■ Problem statement: All of the material must be duplicated exactly, line by line.

■ Exercise material:
(* Let $\mathcal G=(\mathcal V,\mathcal E)$ be a directed graph and $\mathcal N=\{1,\dots,N\}$ a finite set of vehicles, with the deterministic platoon coordination setting described in the context (fixed travel times $\tau(e,t)\in\mathbb Z_+$, start times $\tau_0^i$, paths, finite action sets $\mathcal W^i$, reward function $R$, waiting costs $\Lambda_i$, and utilities $U^i$). Then the game $G^d=(\mathcal N,\mathcal W,\{U^i\}_{i\in\mathcal N})$ with $\mathcal W=\mathcal W^1\times\dots\times\mathcal W^N$ is an exact potential game with potential function $$\Phi(\boldsymbol w,\tau)=\sum_{t\in\mathbb Z_+}\sum_{e\in\mathcal E} r\big(|C(e,t,\boldsymbol w,\tau)|,e\big)-\sum_{i\in\mathcal N}\Lambda_i(\boldsymbol w^i),\qquad r(n,e)=\sum_{j=1}^{n}R(j,e)\ (\text{so } r(0,e)=0),$$ i.e. for every $i\in\mathcal N$, all $\boldsymbol w^{i\prime},\boldsymbol w^{i\prime\prime}\in\mathcal W^i$ and all $\boldsymbol w^{-i}\in\prod_{j\neq i}\mathcal W^j$, $$\Phi(\boldsymbol w^{i\prime},\boldsymbol w^{-i},\tau)-\Phi(\boldsymbol w^{i\prime\prime},\boldsymbol w^{-i},\tau)=U^i(\boldsymbol w^{i\prime},\boldsymbol w^{-i},\tau)-U^i(\boldsymbol w^{i\prime\prime},\boldsymbol w^{-i},\tau).$$ Consequently $G^d$ admits at least one pure Nash equilibrium, i.e. a profile $\boldsymbol w^\star\in\mathcal W$ with $U^i(\boldsymbol w^{\star i},\boldsymbol w^{\star,-i},\tau)\ge U^i(\boldsymbol w^i,\boldsymbol w^{\star,-i},\tau)$ for all $i$ and all $\boldsymbol w^i\in\mathcal W^i$.
   Context: Setting (deterministic platoon coordination). A road network is a directed graph $\mathcal G=(\mathcal V,\mathcal E)$; nodes are hubs where vehicles may wait. For each edge $e\in\mathcal E$ and time $t\in\mathbb Z_+$, $\tau(e,t)\in\mathbb Z_+$ is the (known) travel time on $e$ for a vehicle entering $e$ at time $t$. Each vehicle $i\in\mathcal N=\{1,\dots,N\}$ has a fixed path consisting of edges $e^i_1,\dots,e^i_{|\mathcal P^i|}$ (the set of edges being $\mathcal P^i$), where edge $e^i_k$ goes from node $v^i_k$ to node $v^i_{k+1}$, and a start time $\tau_0^i\in\mathbb Z_+$ at which it arrives at $v^i_1$. $\tau$ denotes the collection of all $\tau(e,t)$ and all $\tau^i_0$. Vehicle $i$'s action is a vector of waiting times $\boldsymbol w^i=(w^i_1,\dots,w^i_{|\mathcal P^i|})$, $w^i_k\in\mathbb Z_+$ being the waiting time at node $v^i_k$, chosen from a finite set $\mathcal W^i$; $\boldsymbol w=(\boldsymbol w^1,\dots,\boldsymbol w^N)$ and $\boldsymbol w^{-i}$ denotes the actions of all vehicles except $i$. Departure times are $t^i_1=\tau_0^i+w^i_1$ and $t^i_{k+1}=w^i_{k+1}+t^i_k+\tau(e^i_k,t^i_k)$; $t^i_k$ is the time vehicle $i$ leaves $v^i_k$ and enters $e^i_k$. For $e\in\mathcal E$, $t\in\mathbb Z_+$, let $C(e,t,\boldsymbol w,\tau)=\{i\in\mathcal N: \exists k,\ e^i_k=e,\ t^i_k=t\}$ be the set of vehicles entering $e$ at time $t$ (they form a platoon). $R:\mathbb Z_{\ge1}\times\mathcal E\to\mathbb R$ gives the platooning reward $R(n,e)$ of each vehicle traversing $e$ in a platoon of $n$ vehicles, and $\Lambda_i:\mathcal W^i\to\mathbb R$ is vehicle $i$'s waiting cost. The utility of vehicle $i$ is $$U^i(\boldsymbol w^i,\boldsymbol w^{-i},\tau)=\sum_{k=1}^{|\mathcal P^i|}R\big(|C(e^i_k,t^i_k,\boldsymbol w,\tau)|,e^i_k\big)-\Lambda_i(\boldsymbol w^i).$$ The game $G^d$ has players $\mathcal N$, action sets $\mathcal W^i$, and payoffs $U^i(\cdot,\tau)$, each player maximizing its own payoff. *)

theory Defs
  imports "HOL-Analysis.Analysis"
begin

■ Problem solution:
(* Let $\mathcal G=(\mathcal V,\mathcal E)$ be a directed graph and $\mathcal N=\{1,\dots,N\}$ a finite set of vehicles, with the deterministic platoon coordination setting described in the context (fixed travel times $\tau(e,t)\in\mathbb Z_+$, start times $\tau_0^i$, paths, finite action sets $\mathcal W^i$, reward function $R$, waiting costs $\Lambda_i$, and utilities $U^i$). Then the game $G^d=(\mathcal N,\mathcal W,\{U^i\}_{i\in\mathcal N})$ with $\mathcal W=\mathcal W^1\times\dots\times\mathcal W^N$ is an exact potential game with potential function $$\Phi(\boldsymbol w,\tau)=\sum_{t\in\mathbb Z_+}\sum_{e\in\mathcal E} r\big(|C(e,t,\boldsymbol w,\tau)|,e\big)-\sum_{i\in\mathcal N}\Lambda_i(\boldsymbol w^i),\qquad r(n,e)=\sum_{j=1}^{n}R(j,e)\ (\text{so } r(0,e)=0),$$ i.e. for every $i\in\mathcal N$, all $\boldsymbol w^{i\prime},\boldsymbol w^{i\prime\prime}\in\mathcal W^i$ and all $\boldsymbol w^{-i}\in\prod_{j\neq i}\mathcal W^j$, $$\Phi(\boldsymbol w^{i\prime},\boldsymbol w^{-i},\tau)-\Phi(\boldsymbol w^{i\prime\prime},\boldsymbol w^{-i},\tau)=U^i(\boldsymbol w^{i\prime},\boldsymbol w^{-i},\tau)-U^i(\boldsymbol w^{i\prime\prime},\boldsymbol w^{-i},\tau).$$ Consequently $G^d$ admits at least one pure Nash equilibrium, i.e. a profile $\boldsymbol w^\star\in\mathcal W$ with $U^i(\boldsymbol w^{\star i},\boldsymbol w^{\star,-i},\tau)\ge U^i(\boldsymbol w^i,\boldsymbol w^{\star,-i},\tau)$ for all $i$ and all $\boldsymbol w^i\in\mathcal W^i$.
   Context: Setting (deterministic platoon coordination). A road network is a directed graph $\mathcal G=(\mathcal V,\mathcal E)$; nodes are hubs where vehicles may wait. For each edge $e\in\mathcal E$ and time $t\in\mathbb Z_+$, $\tau(e,t)\in\mathbb Z_+$ is the (known) travel time on $e$ for a vehicle entering $e$ at time $t$. Each vehicle $i\in\mathcal N=\{1,\dots,N\}$ has a fixed path consisting of edges $e^i_1,\dots,e^i_{|\mathcal P^i|}$ (the set of edges being $\mathcal P^i$), where edge $e^i_k$ goes from node $v^i_k$ to node $v^i_{k+1}$, and a start time $\tau_0^i\in\mathbb Z_+$ at which it arrives at $v^i_1$. $\tau$ denotes the collection of all $\tau(e,t)$ and all $\tau^i_0$. Vehicle $i$'s action is a vector of waiting times $\boldsymbol w^i=(w^i_1,\dots,w^i_{|\mathcal P^i|})$, $w^i_k\in\mathbb Z_+$ being the waiting time at node $v^i_k$, chosen from a finite set $\mathcal W^i$; $\boldsymbol w=(\boldsymbol w^1,\dots,\boldsymbol w^N)$ and $\boldsymbol w^{-i}$ denotes the actions of all vehicles except $i$. Departure times are $t^i_1=\tau_0^i+w^i_1$ and $t^i_{k+1}=w^i_{k+1}+t^i_k+\tau(e^i_k,t^i_k)$; $t^i_k$ is the time vehicle $i$ leaves $v^i_k$ and enters $e^i_k$. For $e\in\mathcal E$, $t\in\mathbb Z_+$, let $C(e,t,\boldsymbol w,\tau)=\{i\in\mathcal N: \exists k,\ e^i_k=e,\ t^i_k=t\}$ be the set of vehicles entering $e$ at time $t$ (they form a platoon). $R:\mathbb Z_{\ge1}\times\mathcal E\to\mathbb R$ gives the platooning reward $R(n,e)$ of each vehicle traversing $e$ in a platoon of $n$ vehicles, and $\Lambda_i:\mathcal W^i\to\mathbb R$ is vehicle $i$'s waiting cost. The utility of vehicle $i$ is $$U^i(\boldsymbol w^i,\boldsymbol w^{-i},\tau)=\sum_{k=1}^{|\mathcal P^i|}R\big(|C(e^i_k,t^i_k,\boldsymbol w,\tau)|,e^i_k\big)-\Lambda_i(\boldsymbol w^i).$$ The game $G^d$ has players $\mathcal N$, action sets $\mathcal W^i$, and payoffs $U^i(\cdot,\tau)$, each player maximizing its own payoff. *)

theory Defs
  imports "HOL-Analysis.Analysis"
begin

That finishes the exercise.